↓↓↓

(* For $k\ge4$ let $\iota_k=\lfloor k^{1/3}\rfloor$ and $$A(k)=\sum_{j=4}^{k-\iota_k-1}j\,s_j\,\tilde\tau_k^{\,j-1}.$$ Then $A(k)=\mathcal{O}(k^{-3})$ as $k\to\infty$.
   Context: Let $s_j$ be the number of simple permutations of size $j$. A permutation is simple if its only intervals (factors whose value set is a set of consecutive integers) are the singletons and the whole permutation, with the convention that the permutations of sizes $1$ and $2$ are not simple. For $k\ge4$, let $$\Lambda_k(x)=\frac{x^2}{1-x}+\sum_{j=4}^k s_j\left(\frac{x}{1-x}\right)^j\qquad(0\le x<1).$$ Let $\tau_k$ be the unique solution in $(0,1)$ of $\Lambda_k'(x)=1$, and set $$\tilde\tau_k=\frac{\tau_k}{1-\tau_k}.$$ *)

theory Defs
  imports "HOL-Analysis.Analysis" "HOL-Library.Landau_Symbols"
begin

definition is_perm :: "nat \<Rightarrow> nat list \<Rightarrow> bool" where
  "is_perm n p \<longleftrightarrow> distinct p \<and> set p = {0..<n}"

definition consecutive_set :: "nat set \<Rightarrow> bool" where
  "consecutive_set S \<longleftrightarrow> (\<exists>a b. S = {a..b})"

definition factor :: "nat list \<Rightarrow> nat \<Rightarrow> nat \<Rightarrow> nat list" where
  "factor p i j = take (j - i + 1) (drop i p)"

definition is_interval :: "nat list \<Rightarrow> nat \<Rightarrow> nat \<Rightarrow> bool" where
  "is_interval p i j \<longleftrightarrow> i \<le> j \<and> j < length p \<and> consecutive_set (set (factor p i j))"

text \<open>Simple: only trivial intervals; sizes 1 and 2 (and 0) excluded by convention.\<close>
definition simple_perm :: "nat list \<Rightarrow> bool" where
  "simple_perm p \<longleftrightarrow> length p \<ge> 3 \<and>
     (\<forall>i j. is_interval p i j \<longrightarrow> i = j \<or> (i = 0 \<and> j = length p - 1))"

definition num_simple :: "nat \<Rightarrow> nat" where
  "num_simple j = card {p. is_perm j p \<and> simple_perm p}"

definition Lambda :: "nat \<Rightarrow> real \<Rightarrow> real" where
  "Lambda k x = x^2 / (1 - x) + (\<Sum>j=4..k. real (num_simple j) * (x / (1 - x))^j)"

definition tau :: "nat \<Rightarrow> real" where
  "tau k = (THE x. 0 < x \<and> x < 1 \<and> deriv (Lambda k) x = 1)"

definition tau_tilde :: "nat \<Rightarrow> real" where
  "tau_tilde k = tau k / (1 - tau k)"

definition iota :: "nat \<Rightarrow> nat" where
  "iota k = nat \<lfloor>root 3 (real k)\<rfloor>"

definition A :: "nat \<Rightarrow> real" where
  "A k = (\<Sum>j=4..k - iota k - 1. real j * real (num_simple j) * tau_tilde k ^ (j - 1))"

end

(* Write y = tau_tilde k and t_j = j s_j y^(j-1). The critical point is the positive root of
   (1 + y)^2 (1 + P_k y) = 2 with P_k y = t_4 + ... + t_k, so every t_j with j <= k is at most 1.
   Inserting a new maximum into a simple permutation, away from the old maximum, gives
   s_(j+1) >= (j - 3) s_j, hence s_k >= (k - 4)!, while trivially s_j <= j!.
   With the Stirling-type bounds n^n <= e^(n-1) n! <= n^(n+1), the condition t_k <= 1 forces y <= 3/k;
   then t_j <= 2 j^6 (19/20)^(j-4) / k^3 for j < 4k/5 + 3, a summable bound of order k^-3, and the
   same estimate shows that y < 3/(2k) would make (1 + y)^2 (1 + P_k y) < 2, so y >= 3/(2k).
   For larger j this gives (j - 3) y >= 6/5, hence t_j <= (5/6) t_(j+1) <= (5/6)^(k-j), and the terms
   with j <= k - iota_k - 1 contribute at most k (5/6)^(k^(1/3)) = o(k^-3). *)

theory Submission
  imports Defs "HOL-Combinatorics.Multiset_Permutations" "HOL-Real_Asymp.Real_Asymp"
begin

lemma set_factor:
  assumes "a \<le> b" "b < length p"
  shows "set (factor p a b) = (!) p ` {a..b}"
proof -
  have "factor p a b = map ((!) p) [a..<Suc b]"
    using assms by (intro nth_equalityI) (auto simp: factor_def nth_map_upt simp del: upt_Suc)
  then show ?thesis by (simp add: atLeastLessThanSuc_atLeastAtMost del: upt_Suc)
qed

lemma is_interval_iff_image:
  "is_interval p a b \<longleftrightarrow> a \<le> b \<and> b < length p \<and> consecutive_set ((!) p ` {a..b})"
  unfolding is_interval_def using set_factor by auto

lemma consecutive_setD:
  assumes "consecutive_set S" "x \<in> S" "z \<in> S" "x \<le> y" "y \<le> z"
  shows "y \<in> S"
  using assms unfolding consecutive_set_def by auto

lemma consecutive_set_remove_max:
  fixes m :: nat
  assumes cons: "consecutive_set (insert m X)" and less: "\<forall>x\<in>X. x < m"
  shows "consecutive_set X"
proof (cases "X = {}")
  case True
  then show ?thesis unfolding consecutive_set_def by (intro exI[of _ 1] exI[of _ 0]) simp
next
  case False
  obtain c d where cd: "insert m X = {c..d}" using cons unfolding consecutive_set_def by blast
  have "m \<in> {c..d}" using cd by blast
  then have "d \<in> insert m X" using cd by auto
  then have "d = m" using less \<open>m \<in> {c..d}\<close> by fastforce
  then have "X = {c..d} - {m}" using cd less by auto
  also have "\<dots> = {c..m - 1}" using \<open>d = m\<close> False less by fastforce
  finally have "X = {c..m - 1}" .
  then show ?thesis unfolding consecutive_set_def by blast
qed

↑↑↑

Make a verbatim transcription of all the material.

§ Worked solution:
(* For $k\ge4$ let $\iota_k=\lfloor k^{1/3}\rfloor$ and $$A(k)=\sum_{j=4}^{k-\iota_k-1}j\,s_j\,\tilde\tau_k^{\,j-1}.$$ Then $A(k)=\mathcal{O}(k^{-3})$ as $k\to\infty$.
   Context: Let $s_j$ be the number of simple permutations of size $j$. A permutation is simple if its only intervals (factors whose value set is a set of consecutive integers) are the singletons and the whole permutation, with the convention that the permutations of sizes $1$ and $2$ are not simple. For $k\ge4$, let $$\Lambda_k(x)=\frac{x^2}{1-x}+\sum_{j=4}^k s_j\left(\frac{x}{1-x}\right)^j\qquad(0\le x<1).$$ Let $\tau_k$ be the unique solution in $(0,1)$ of $\Lambda_k'(x)=1$, and set $$\tilde\tau_k=\frac{\tau_k}{1-\tau_k}.$$ *)

theory Defs
  imports "HOL-Analysis.Analysis" "HOL-Library.Landau_Symbols"
begin

definition is_perm :: "nat \<Rightarrow> nat list \<Rightarrow> bool" where
  "is_perm n p \<longleftrightarrow> distinct p \<and> set p = {0..<n}"

definition consecutive_set :: "nat set \<Rightarrow> bool" where
  "consecutive_set S \<longleftrightarrow> (\<exists>a b. S = {a..b})"

definition factor :: "nat list \<Rightarrow> nat \<Rightarrow> nat \<Rightarrow> nat list" where
  "factor p i j = take (j - i + 1) (drop i p)"

definition is_interval :: "nat list \<Rightarrow> nat \<Rightarrow> nat \<Rightarrow> bool" where
  "is_interval p i j \<longleftrightarrow> i \<le> j \<and> j < length p \<and> consecutive_set (set (factor p i j))"

text \<open>Simple: only trivial intervals; sizes 1 and 2 (and 0) excluded by convention.\<close>
definition simple_perm :: "nat list \<Rightarrow> bool" where
  "simple_perm p \<longleftrightarrow> length p \<ge> 3 \<and>
     (\<forall>i j. is_interval p i j \<longrightarrow> i = j \<or> (i = 0 \<and> j = length p - 1))"

definition num_simple :: "nat \<Rightarrow> nat" where
  "num_simple j = card {p. is_perm j p \<and> simple_perm p}"

definition Lambda :: "nat \<Rightarrow> real \<Rightarrow> real" where
  "Lambda k x = x^2 / (1 - x) + (\<Sum>j=4..k. real (num_simple j) * (x / (1 - x))^j)"

definition tau :: "nat \<Rightarrow> real" where
  "tau k = (THE x. 0 < x \<and> x < 1 \<and> deriv (Lambda k) x = 1)"

definition tau_tilde :: "nat \<Rightarrow> real" where
  "tau_tilde k = tau k / (1 - tau k)"

definition iota :: "nat \<Rightarrow> nat" where
  "iota k = nat \<lfloor>root 3 (real k)\<rfloor>"

definition A :: "nat \<Rightarrow> real" where
  "A k = (\<Sum>j=4..k - iota k - 1. real j * real (num_simple j) * tau_tilde k ^ (j - 1))"

end

(* Write y = tau_tilde k and t_j = j s_j y^(j-1). The critical point is the positive root of
   (1 + y)^2 (1 + P_k y) = 2 with P_k y = t_4 + ... + t_k, so every t_j with j <= k is at most 1.
   Inserting a new maximum into a simple permutation, away from the old maximum, gives
   s_(j+1) >= (j - 3) s_j, hence s_k >= (k - 4)!, while trivially s_j <= j!.
   With the Stirling-type bounds n^n <= e^(n-1) n! <= n^(n+1), the condition t_k <= 1 forces y <= 3/k;
   then t_j <= 2 j^6 (19/20)^(j-4) / k^3 for j < 4k/5 + 3, a summable bound of order k^-3, and the
   same estimate shows that y < 3/(2k) would make (1 + y)^2 (1 + P_k y) < 2, so y >= 3/(2k).
   For larger j this gives (j - 3) y >= 6/5, hence t_j <= (5/6) t_(j+1) <= (5/6)^(k-j), and the terms
   with j <= k - iota_k - 1 contribute at most k (5/6)^(k^(1/3)) = o(k^-3). *)

theory Submission
  imports Defs "HOL-Combinatorics.Multiset_Permutations" "HOL-Real_Asymp.Real_Asymp"
begin

lemma set_factor:
  assumes "a \<le> b" "b < length p"
  shows "set (factor p a b) = (!) p ` {a..b}"
proof -
  have "factor p a b = map ((!) p) [a..<Suc b]"
    using assms by (intro nth_equalityI) (auto simp: factor_def nth_map_upt simp del: upt_Suc)
  then show ?thesis by (simp add: atLeastLessThanSuc_atLeastAtMost del: upt_Suc)
qed

lemma is_interval_iff_image:
  "is_interval p a b \<longleftrightarrow> a \<le> b \<and> b < length p \<and> consecutive_set ((!) p ` {a..b})"
  unfolding is_interval_def using set_factor by auto

lemma consecutive_setD:
  assumes "consecutive_set S" "x \<in> S" "z \<in> S" "x \<le> y" "y \<le> z"
  shows "y \<in> S"
  using assms unfolding consecutive_set_def by auto

lemma consecutive_set_remove_max:
  fixes m :: nat
  assumes cons: "consecutive_set (insert m X)" and less: "\<forall>x\<in>X. x < m"
  shows "consecutive_set X"
proof (cases "X = {}")
  case True
  then show ?thesis unfolding consecutive_set_def by (intro exI[of _ 1] exI[of _ 0]) simp
next
  case False
  obtain c d where cd: "insert m X = {c..d}" using cons unfolding consecutive_set_def by blast
  have "m \<in> {c..d}" using cd by blast
  then have "d \<in> insert m X" using cd by auto
  then have "d = m" using less \<open>m \<in> {c..d}\<close> by fastforce
  then have "X = {c..d} - {m}" using cd less by auto
  also have "\<dots> = {c..m - 1}" using \<open>d = m\<close> False less by fastforce
  finally have "X = {c..m - 1}" .
  then show ?thesis unfolding consecutive_set_def by blast
qed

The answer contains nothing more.